Wonder if trying AJP-APR (aka tomcat native) rather than AJP-BIO would be worth a try?
Please note that I have not come across that error myself so guidance of connector DLL and AJP-APR offered as is, may or may not help.
This other thread may be of interest. If big ISAPI log is difficult methods of rolling log are mentioned:
We have the same issue (and error messages) on CF10 update 14. Adobe always say to ignore them, but we are not 100% sure if it's affecting end-users or not. Correlating the isapi log to IIS's web logs can be helpful, for example we have found in some cases that these errors occur when POSTs are done to .php and .asp pages (which do not exist) by visiting bots. Can you see what happens in your logs at the times shown in the isapi log?
What is clear, to us at least, is that no amount of "tuning" will get rid of these particular 502 errors, as we've tried just about everything. The worker.cfusion.connection_pool_size=250 should really be 500, unless you are running multiple sites under high traffic, so Adobe tell us. We never got these errors on other connectors; the earlier connectors seemed much more stable, and also the error reporting is much more verbose in the later connectors. We cannot alter the log level at all for some reason - it just shows warn and info events, despite only "error" being enabled, for example. The people at Apache tell me that behaviour is wrong and doesn't occur in their connector.
Thanks for the info. I agree that this looks bad and being told "just ignore the errors" isn't very reassuring.
I've updated to 500 (from 250) but no difference. And correlating with IIS logs doesn't help either (I had tried...)
Thank you also for offering help. I have checked the connector and it is indeed 388 KB from 1 Sept 2014.
I took the actions on that thread (manually modified the two files and pasted the lines in my post) and I also applied log rotation (I was the one clicking "Like" on your comment there)
Now what you say about using AJP-APR instead of AJP-BIO is something I haven't read about anywhere and sounds interesting. How would I go about trying this? What are the advantages? Any pointers for how to do that?

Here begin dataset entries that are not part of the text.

lemma monomial_mat_mem_Aut_gr:
  fixes q :: "'k::field mat"
  assumes qp: "quantum_param n q" and two: "(2::'k) \<noteq> 0" and t: "t permutes {..<n}"
    and q_invariant: "\<And>x y. x < n \<Longrightarrow> y < n \<Longrightarrow> q $$ (t x, t y) = q $$ (x,y)"
    and e: "\<And>b. b < n \<Longrightarrow> e b \<noteq> 0"
  shows "monomial_mat n t e \<in> carrier (Aut_gr n q)"
proof -
  define h where "h = monomial_mat n (inv' t) (\<lambda>b. inverse (e (inv' t b)))"
  have "q $$ (inv' t x, inv' t y) = q $$ (x,y)" if "x < n" "y < n" for x y
    using that q_invariant[of "inv' t x" "inv' t y"] permutes_in_image[OF permutes_inv[OF t]]
    by (simp add: permutes_inverses(1)[OF t])
  then have "preserves_rel n q (monomial_mat n t e)" "preserves_rel n q h"
    unfolding h_def preserves_rel_iff[OF qp two monomial_mat_carrier]
    using rel_defect_monomial_mat[OF qp q_invariant] rel_defect_monomial_mat[OF qp] by blast+
  then show ?thesis
    using monomial_mat_inverse[OF t e] unfolding Aut_gr_def h_def[symmetric]
    by (auto intro!: bexI[of _ h] simp: h_def)
qed

section \<open>Sign matrices of graphs\<close>

definition graph_param :: "nat \<Rightarrow> (nat \<Rightarrow> nat \<Rightarrow> bool) \<Rightarrow> 'k::field mat" where
  "graph_param n E = mat n n (\<lambda>(i,j). if E i j then -1 else 1)"

definition graph_aut :: "nat \<Rightarrow> (nat \<Rightarrow> nat \<Rightarrow> bool) \<Rightarrow> (nat \<Rightarrow> nat) \<Rightarrow> bool" where
  "graph_aut n E t \<longleftrightarrow> t permutes {..<n} \<and> (\<forall>x<n. \<forall>y<n. E (t x) (t y) \<longleftrightarrow> E x y)"

lemma graph_param_entry: "i < n \<Longrightarrow> j < n \<Longrightarrow> graph_param n E $$ (i,j) = (if E i j then -1 else 1)"
  by (simp add: graph_param_def)

lemma quantum_param_graph_param:
  assumes "symp E" "irreflp E"
  shows "quantum_param n (graph_param n E :: 'k::field mat)"
  using assms unfolding quantum_param_def irreflp_def
  by (auto simp: graph_param_entry graph_param_def dest: sympD)
theorem exists_character_nonpos:
  assumes "f \<notin> Q"
  shows "\<exists>y\<in>K_Y Q. y f \<le> 0"
proof -
  let ?P = "{q - s * f | q s. q \<in> eps_closure Q \<and> s \<in> eps_multipliers Q}"
  have "Q \<subseteq> ?P"
  proof
    fix q assume "q \<in> Q"
    then show "q \<in> ?P"
      using subset_eps_closure square_in_eps_multipliers[of 0]
      by (intro CollectI exI[of _ q] exI[of _ 0]) auto
  qed
  have "-f \<in> ?P"
    using subset_eps_closure zero_mem square_in_eps_multipliers[of 1]
    by (intro CollectI exI[of _ 0] exI[of _ 1]) auto
  have "-1 \<notin> ?P"
  proof
    assume "-1 \<in> ?P"
    then obtain q s where "-1 = q - s * f" "q \<in> eps_closure Q" "s \<in> eps_multipliers Q"
      by blast
    moreover from \<open>-1 = q - s * f\<close> have "s * f = 1 + q"
      by (simp add: algebra_simps)
    ultimately show False
      using mem_if_eps_multiplier_eq assms by blast
  qed
  obtain N where "?P \<subseteq> N" and N: "maximal_proper_qm N"
    using exists_maximal_proper_qm[OF quadratic_module_eps_closure_diff \<open>-1 \<notin> ?P\<close>] by blast
  with \<open>Q \<subseteq> ?P\<close> have "Q \<subseteq> N" by blast
  have "arch_semiordering N"
  proof unfold_locales
    show "quadratic_module N" "-1 \<notin> N"
      using N by (simp_all add: maximal_proper_qm_def)
    show "a \<in> N \<or> -a \<in> N" for a
      by (rule maximal_proper_qm_total[OF N])
    show "\<exists>r. of_real r + a \<in> N" for a
      using archimedean_of_real \<open>Q \<subseteq> N\<close> by blast
  qed
  then interpret N: arch_semiordering N .
  have "N.val \<in> K_Y Q"
    using N.val_in_char_space N.val_nonneg \<open>Q \<subseteq> N\<close> by (auto simp: K_Y_def)
  moreover have "N.val f \<le> 0"
    using N.val_nonneg[of "-f"] \<open>-f \<in> ?P\<close> \<open>?P \<subseteq> N\<close> by (auto simp: N.val_uminus)
  ultimately show ?thesis by blast
qed

end

section \<open>Positivity on \<open>K_X\<close>\<close>

lemma char_space_of_real:
  assumes "y \<in> char_space"
  shows "y (of_real r) = r"
proof -
  have "y (r *\<^sub>R 1) = r * y 1" "y 1 = 1"
    using assms unfolding char_space_def by blast+
  then show ?thesis
    unfolding of_real_def by simp
qed

lemma closedin_char_space_nonneg:
  "closedin (top_of_set char_space) {y \<in> char_space. y f \<ge> 0}"
  unfolding closedin_subtopology
  by (intro exI[of _ "{y. y f \<ge> 0}"] conjI)
    (auto intro!: closed_Collect_le continuous_on_product_coordinates)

The native Apache connectors for Windows are available here: Index of /dist/tomcat/tomcat-connectors/jk/binaries/windows
I've never tried the native connectors myself. If you do try, please let us know how you get on.
Regarding AJP APR.
If you open CF10 CF11 coldfusion-error.log you will notice something like EG:
INFO: The APR based Apache Tomcat Native library which allows optimal
performance in production environments was not found on the java.library.path etc
INFO: Initializing ProtocolHandler ["ajp-bio-8012"]

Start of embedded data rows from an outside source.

lemma cref_extension_injective:
  assumes c: "cref_piv m r A p" and L: "distinct L" "set L = {..<m} - p ` {..<r}"
  shows "injective_mat (cref_extension m r A L)"
  unfolding injective_mat_def
proof (intro ballI impI)
  let ?M = "cref_extension m r A L"
  have dims: "dim_row ?M = m" "dim_col ?M = m" by (simp_all add: cref_extension_def)
  fix v assume "v \<in> carrier_vec (dim_col ?M)" and "?M *\<^sub>v v = 0\<^sub>v (dim_row ?M)"
  then have v: "v \<in> carrier_vec m" and Mv0: "\<And>i. i < m \<Longrightarrow> (?M *\<^sub>v v) $ i = 0"
    unfolding dims by simp_all
  note rm = cref_piv_complement_length(1)[OF c L] and lenL = cref_piv_complement_length(2)[OF c L]
  note Mv = cref_extension_mult_vec_index[OF cref_piv_carrier[OF c] rm v]
  define x where "x = vec r (\<lambda>j. v $ j)"
  have x0: "x $ k = 0" if k: "k < r" for k
  proof -
    have pk: "p k < m" by (rule cref_piv_less[OF c k])
    have "p k \<notin> set L" using L(2) k by blast
    then have "(\<Sum>t\<in>{0..<m - r}. if p k = L ! t then v $ (t + r) else 0) = 0"
      using lenL by (intro sum.neutral) auto
    then have "x $ k = (?M *\<^sub>v v) $ p k"
      unfolding x_def by (simp only: Mv[OF pk] cref_piv_mult_vec_pivot[OF c vec_carrier k] add_0_right)
    then show ?thesis by (simp only: Mv0[OF pk])
  qed
  then have "x = 0\<^sub>v r" unfolding x_def by (intro eq_vecI) auto
  then have Ax: "A *\<^sub>v x = 0\<^sub>v m" using cref_piv_carrier[OF c] by (intro eq_vecI) auto
  have v_tail: "v $ (t + r) = 0" if t: "t < m - r" for t
  proof -
    have Lt: "L ! t < m" using t lenL L(2) nth_mem[of t L] by auto
    have "v $ (t + r) = (\<Sum>s\<in>{0..<m - r}. if t = s then v $ (s + r) else 0)"
      using t by (subst sum.delta') auto
    also have "\<dots> = (\<Sum>s\<in>{0..<m - r}. if L ! t = L ! s then v $ (s + r) else 0)"
      using t lenL nth_eq_iff_index_eq[OF L(1)] by (intro sum.cong) auto
    also have "\<dots> = (?M *\<^sub>v v) $ (L ! t)"
      using Ax unfolding x_def by (simp only: Mv[OF Lt] index_zero_vec(1)[OF Lt] add_0)
    finally show ?thesis by (simp only: Mv0[OF Lt])
  qed
  show "v = 0\<^sub>v (dim_col ?M)"
    unfolding dims
  proof (rule eq_vecI)
    fix i assume "i < dim_vec (0\<^sub>v m :: bit vec)"
    then show "v $ i = 0\<^sub>v m $ i"
      using x0[of i] v_tail[of "i - r"] unfolding x_def by (cases "i < r") auto
  qed (use v in simp)
qed

lemma P_mat_injective:
  assumes "H \<in> grassmannian m r"
  shows "injective_mat (P_mat m r H)"
proof -
  obtain p where c: "cref_piv m r (H_cref m r H) p"
    using H_cref_cref_piv[OF assms] by blast
  show ?thesis
    unfolding P_mat_eq_cref_extension
    by (rule cref_extension_injective[OF c]) (simp_all add: piv_set_eq[OF c])
qed

lemma bin_inv_inverse:
  assumes P: "P \<in> carrier_mat m m" and inj: "injective_mat P"
  shows "bin_inv m P \<in> carrier_mat m m" "P * bin_inv m P = 1\<^sub>m m" "bin_inv m P * P = 1\<^sub>m m"
proof -
  have "det P \<noteq> 0"
    using det_0_iff_vec_prod_zero_field[OF P] injective_matD[OF inj] P by auto
  then obtain B where B: "B \<in> carrier_mat m m" "P * B = 1\<^sub>m m" "B * P = 1\<^sub>m m"
    using det_non_zero_imp_unit[OF P, of "()"] unfolding Units_def ring_mat_def by auto
  have "bin_inv m P = B"
    unfolding bin_inv_def
  proof (rule the_equality)
    show "B \<in> carrier_mat m m \<and> P * B = 1\<^sub>m m \<and> B * P = 1\<^sub>m m" using B by simp
    show "B' = B" if "B' \<in> carrier_mat m m \<and> P * B' = 1\<^sub>m m \<and> B' * P = 1\<^sub>m m" for B'
    proof -
      from that have B': "B' \<in> carrier_mat m m" "B' * P = 1\<^sub>m m" by simp_all
      have "B' = B' * (P * B)" using B' B by simp
      also have "\<dots> = (B' * P) * B" by (rule assoc_mult_mat[symmetric, OF B'(1) P B(1)])
      finally show ?thesis using B' B by simp
    qed
  qed
  then show "bin_inv m P \<in> carrier_mat m m" "P * bin_inv m P = 1\<^sub>m m" "bin_inv m P * P = 1\<^sub>m m"
    using B by simp_all
qed

lemma inj_on_mult_mat_vec:
  fixes P Q :: "'a :: semiring_1 mat"
  assumes P: "P \<in> carrier_mat n n" and Q: "Q \<in> carrier_mat n n" and PQ: "P * Q = 1\<^sub>m n"
  shows "inj_on (\<lambda>a. Q *\<^sub>v a) (carrier_vec n)"
proof (rule inj_onI)
  fix a a' assume a: "a \<in> carrier_vec n" and a': "a' \<in> carrier_vec n" and eq: "Q *\<^sub>v a = Q *\<^sub>v a'"
  have "a = (P * Q) *\<^sub>v a" using a by (simp add: PQ)
  also have "\<dots> = (P * Q) *\<^sub>v a'" using P Q a a' eq by simp
  also have "\<dots> = a'" using a' by (simp add: PQ)
  finally show "a = a'" .
qed

section \<open>Matrices indexed by F_2^m\<close>

lemma UNIV_bit: "(UNIV :: bit set) = {0, 1}"
  by (auto intro: bit.exhaust)

lemma finite_UNIV_bit [simp]: "finite (UNIV :: bit set)"
  by (simp add: UNIV_bit)

lemma sum_UNIV_bit: "(\<Sum>x\<in>UNIV. f x) = f (0 :: bit) + f 1"
  by (simp add: UNIV_bit)

lemma bij_betw_vec_PiE:
  "bij_betw (\<lambda>c. restrict (($) c) {..<m}) (carrier_vec m) (PiE {..<m} (\<lambda>_. UNIV))"
  by (rule bij_betw_byWitness[where f' = "vec m"])
    (auto simp: PiE_def extensional_def fun_eq_iff intro!: eq_vecI)

lemma finite_carrier_vec:
  assumes "finite (UNIV :: 'a set)"
  shows "finite (carrier_vec m :: 'a vec set)"
proof -
  have "finite (PiE {..<m} (\<lambda>_. UNIV :: 'a set))"
    using assms by (intro finite_PiE) auto
  then show ?thesis by (simp add: bij_betw_finite[OF bij_betw_vec_PiE])
qed

lemma sum_carrier_vec_prod:
  fixes F :: "nat \<Rightarrow> 'a \<Rightarrow> 'b :: comm_semiring_1"
  assumes "finite (UNIV :: 'a set)"
  shows "(\<Sum>c\<in>carrier_vec m. \<Prod>i<m. F i (c $ i)) = (\<Prod>i<m. \<Sum>x\<in>UNIV. F i x)"
proof -
  have "(\<Sum>c\<in>carrier_vec m. \<Prod>i<m. F i (c $ i))
      = (\<Sum>c\<in>carrier_vec m. (\<lambda>g. \<Prod>i<m. F i (g i)) (restrict (($) c) {..<m}))"
    by (rule sum.cong) auto
  also have "\<dots> = (\<Sum>g\<in>PiE {..<m} (\<lambda>_. UNIV). \<Prod>i<m. F i (g i))"
    by (rule sum.reindex_bij_betw[OF bij_betw_vec_PiE])
  also have "\<dots> = (\<Prod>i<m. \<Sum>x\<in>UNIV. F i x)"
    using assms by (intro prod_sum_PiE[symmetric]) auto
  finally show ?thesis .
qed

Some cut and pasting from tomcat doc you can read full detail from here:
The Apache Tomcat Native Library provides portable API for features not found in contemporary JDK's. It uses Apache Portable Runtime (APR) as operating system abstraction layer and allows optimal performance in production environments.
How to change CF from BIO to APR?
-Download tomcat native http://tomcat.apache.org/download-native.cgi windows binaries
-extract tcnative-1.dll to CF10 CF11 \cfusion\lib
-Note tcnative-1.dll in \bin\x64 for 64bit source versa 32bit
-Restart CF10 CF11 application service
Outcome coldfusion-error.log now says EG:
INFO: Loaded APR based Apache Tomcat Native library 1.1.32.
INFO: Initializing ProtocolHandler ["ajp-apr-8012"]
Post again if that helps with the 502 error message or not. Probably will not assist tribule's thread since I have seen same ISAPI log details with APR present.
I'll definitely look into this native/APR alternative, and at least experiment on our Dev server.
Regarding Production, I am more hesitant to jump to it and unluckily I only get these 502s in Prod under load.
Do you think this native/APR mechanism going to be part of a subsequent update of CF11 (so a Adobe-stamped supported mechanism?)
If not, any idea why they didn't use it? Any dangers/impacts?
Sorry for my ignorance of these connectors considerations...
Best to try something new like APR on dev environment before production. On dev you can use apache jmeter to push some load against CF.
I don't think APR is something officially Adobe CF supported. Strangely CF11 beta had APR present but release did not have it. I have been using APR on CF10 since update5 as well as have it on production CF11 update2.
Perhaps some monitoring of the AJP-BIO or AJP-APR with JDK (java dev kit) tools Jconsole or JMC (java mission control) might yeild some interesting results. However that does mean work via adding JMX (java management extentions) to JVM arguments and watching the catalina (aka tomcat) threads.